As Webb’s lecture comes to a close, the Tuscan sun rays dance in their own variations inside the classroom, making us reflect on Serres’s thinking – is Webb saying that Serres’s Birth of Physics is an alliance with Lucretius’ thinking or not? As he put it, “perhaps, that’s one way of looking at it, but it’s not the only way to read him” (Webb, lecture). He continued, “Serres’s thinking did not situate into an overarching category, discipline, or any specific philosophical concept” (lecture). According to Serres, it is the path that leads off onto other routes” then perhaps, it is more global in many ways (lecture). I suppose one can say, Serres is shifting away from reductionist sensibilities in order to go beyond boundaries where one engages, combines, and ultimately enriches the multiplicities of the universe. Like Lucretius’ atomism, in Serres’ thinking, there is “no place to rest,” “it’s endless” with “no limit opening wide in all directions'' in the hope of variant possibilities (Lucretius II: 89-93).

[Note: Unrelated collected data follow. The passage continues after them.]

lemma Phi_gemeda_basis_compatible:
  assumes fin: "finite V" "finite W" and ne: "V \<noteq> {}" "W \<noteq> {}"
    and inj: "inj_on fst V" "inj_on fst W" and disj: "fst ` V \<inter> fst ` W = {}"
  shows "pm_cmul (mpoly (varm Z)) (Phi (gemeda_basis ltJ monJ V W))
       = gemeda_mult ltI monI (Phi_basis V) (Phi_basis W :: (nat, 'k::comm_ring_1) tay)"
proof -
  have "V \<inter> W = {}" and inj_Un: "inj_on fst (V \<union> W)"
    using disjoint_inj_on_Un_iff[of V W fst] inj disj by blast+
  define s :: "'k qpoly" where "s = (- 1) ^ card {(v, w). v \<in> V \<and> w \<in> W \<and> ltJ w v}"
  have "gemeda_basis ltJ monJ V W = Poly_Mapping.single (V \<union> W) s"
    unfolding s_def using fin \<open>V \<inter> W = {}\<close> disj by (rule gemeda_basis_J_disjoint)
  moreover have "gemeda_basis ltI monI (fst ` V) (fst ` W)
      = Poly_Mapping.single (fst ` V \<union> fst ` W) (s * mpoly (varm Z))"
    unfolding s_def card_inversions_fst[OF inj_Un, symmetric]
    using fin ne disj by (intro gemeda_basis_I_disjoint) simp_all
  ultimately show ?thesis
    using ne inj inj_Un fin \<open>V \<inter> W = {}\<close>
    by (simp add: Phi_single Phi_basis_def gemeda_mult_single image_Un yW_Un mpoly_add algebra_simps)
qed

lemma Phi_gemeda_basis_incompatible:
  assumes ne: "V \<noteq> {}" "W \<noteq> {}"
    and incompat: "\<not> (inj_on fst V \<and> inj_on fst W \<and> fst ` V \<inter> fst ` W = {})"
  shows "Phi (gemeda_basis ltJ monJ V W) = (0 :: (nat, 'k::comm_ring_1) tay)"
    and "gemeda_mult ltI monI (Phi_basis V) (Phi_basis W :: (nat, 'k) tay) = 0"
proof -
  have "V \<inter> W \<noteq> {} \<or> \<not> inj_on fst (V \<union> W)"
    using incompat disjoint_inj_on_Un_iff[of V W fst] by blast
  then show "Phi (gemeda_basis ltJ monJ V W) = (0 :: (nat, 'k) tay)"
  proof
    assume "\<not> inj_on fst (V \<union> W)"
    then have "Phi_basis (V \<union> W) = (0 :: (nat, 'k) tay)"
      using ne by (simp add: Phi_basis_def)
    then show ?thesis
      by (simp add: gemeda_basis_def Phi_single Phi_0)
  qed (simp add: gemeda_basis_def Phi_0)
  show "gemeda_mult ltI monI (Phi_basis V) (Phi_basis W :: (nat, 'k) tay) = 0"
  proof (cases "inj_on fst V \<and> inj_on fst W")
    case True
    then have "gemeda_basis ltI monI (fst ` V) (fst ` W) = (0 :: (nat, 'k) tay)"
      using incompat by (simp add: gemeda_basis_def)
    with True ne show ?thesis
      by (simp add: Phi_basis_def gemeda_mult_single)
  next
    case False
    with ne show ?thesis
      by (auto simp: Phi_basis_def)
  qed
qed

lemma Phi_gemeda_basis:
  assumes "finite V" "finite W"
  shows "pm_cmul (mpoly (varm Z)) (Phi (gemeda_basis ltJ monJ V W))
       = gemeda_mult ltI monI (Phi_basis V) (Phi_basis W :: (nat, 'k::comm_ring_1) tay)"
proof (cases "V = {} \<or> W = {}")
  case True
  with assms show ?thesis
    by (auto simp: gemeda_basis_empty_left gemeda_basis_empty_right Phi_single Phi_basis_def
        gemeda_mult_single mult.commute)
next
  case nonempty: False
  show ?thesis
  proof (cases "inj_on fst V \<and> inj_on fst W \<and> fst ` V \<inter> fst ` W = {}")
    case True
    with nonempty assms show ?thesis
      by (simp add: Phi_gemeda_basis_compatible)
  next
    case False
    with nonempty show ?thesis
      by (simp add: Phi_gemeda_basis_incompatible)
  qed
qed

lemma mpoly_inject:
  "(mpoly m :: 'k::comm_ring_1 qpoly) = mpoly m' \<longleftrightarrow> m = m'"
  unfolding mpoly_def by (metis lookup_single_eq lookup_single_not_eq zero_neq_one)

lemma mpoly_varm_Z_not_idem:
  "mpoly (varm Z) \<noteq> (mpoly (varm Z) * mpoly (varm Z) :: 'k::comm_ring_1 qpoly)"
proof -
  have "Poly_Mapping.lookup (varm Z) Z \<noteq> Poly_Mapping.lookup (varm Z + varm Z) Z"
    by (simp add: varm_def lookup_add)
  then show ?thesis
    by (metis mpoly_add mpoly_inject)
qed

lemma Phi_multG:
  assumes "\<And>W. W \<in> Poly_Mapping.keys g1 \<union> Poly_Mapping.keys g2 \<Longrightarrow> finite W"
  shows "pm_cmul (mpoly (varm Z)) (Phi (multG g1 g2)) = multF (Phi g1) (Phi g2 :: (nat, 'k::comm_ring_1) tay)"
proof -
  have "pm_cmul (mpoly (varm Z)) (Phi (multG g1 g2))
      = pm_extend (\<lambda>V. pm_extend (\<lambda>W. pm_cmul (mpoly (varm Z)) (Phi (gemeda_basis ltJ monJ V W))) g2) g1"
    by (simp add: multG_def gemeda_mult_eq_pm_extend Phi_eq_pm_extend pm_extend_pm_extend pm_cmul_pm_extend)
  also have "\<dots> = pm_extend (\<lambda>V. pm_extend (\<lambda>W. multF (Phi_basis V) (Phi_basis W)) g2) g1"
    using assms by (intro pm_extend_cong) (simp add: multF_def Phi_gemeda_basis)
  also have "\<dots> = multF (Phi g1) (Phi g2)"
    by (simp add: multF_def Phi_eq_pm_extend gemeda_mult_pm_extend)
  finally show ?thesis .
qed

lemma finite_genJ: "finite (genJ n a)"
proof -
  have "genJ n a \<subseteq> (SIGMA i:{1..n}. {1..a i})" by (auto simp: genJ_def)
  then show ?thesis by (rule finite_subset) auto
qed

theorem mainTheorem10:
  fixes n :: nat and a :: "nat \<Rightarrow> nat"
  assumes "n \<ge> 1"
  shows "(\<exists>g1 \<in> elemsG n a. \<exists>g2 \<in> elemsG n a.
            Phi (multG g1 g2) \<noteq> multF (Phi g1) (Phi g2 :: (nat, 'k::field) tay))
       \<and> (\<forall>g1 \<in> elemsG n a. \<forall>g2 \<in> elemsG n a.
            Poly_Mapping.map (\<lambda>c. mpoly (varm Z) * c) (Phi (multG g1 g2))
              = multF (Phi g1) (Phi g2 :: (nat, 'k::field) tay))"
proof
  let ?one = "Poly_Mapping.single {} 1 :: (nat \<times> nat, 'k) tay"
  have "Phi (multG ?one ?one) \<noteq> multF (Phi ?one) (Phi ?one)"
    by (simp add: multG_def multF_def gemeda_mult_single gemeda_basis_empty_left Phi_single
        Phi_basis_def inj_eq mpoly_varm_Z_not_idem)
  moreover have "?one \<in> elemsG n a"
    by (simp add: elemsG_def)
  ultimately show "\<exists>g1 \<in> elemsG n a. \<exists>g2 \<in> elemsG n a.
      Phi (multG g1 g2) \<noteq> multF (Phi g1) (Phi g2 :: (nat, 'k) tay)"
    by blast
next
  have "finite W" if "g \<in> elemsG n a" "W \<in> Poly_Mapping.keys g" for g :: "(nat \<times> nat, 'k) tay" and W
    using that finite_subset[OF _ finite_genJ] by (auto simp: elemsG_def)
  then show "\<forall>g1 \<in> elemsG n a. \<forall>g2 \<in> elemsG n a.
      Poly_Mapping.map (\<lambda>c. mpoly (varm Z) * c) (Phi (multG g1 g2))
        = multF (Phi g1) (Phi g2 :: (nat, 'k) tay)"
    using Phi_multG unfolding pm_cmul_def by blast
qed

Lucretius, The Nature of Things. Trans. A.E. Stallings. Penguin Books, London, 2007.
Serres, Michel. Natural Contract. Trans. Elizabeth MacArthur and William Paulson. University of Michigan Press, 1995.
Serres, Michel. The Birth of Physics. Trans. David Webb and William Ross. Rowman & Littlefield, London and New York, 2018.
Webb, David. Lecture on The Birth of Physics, Spannocchia Castle, Tuscany, Italy. June, 2022.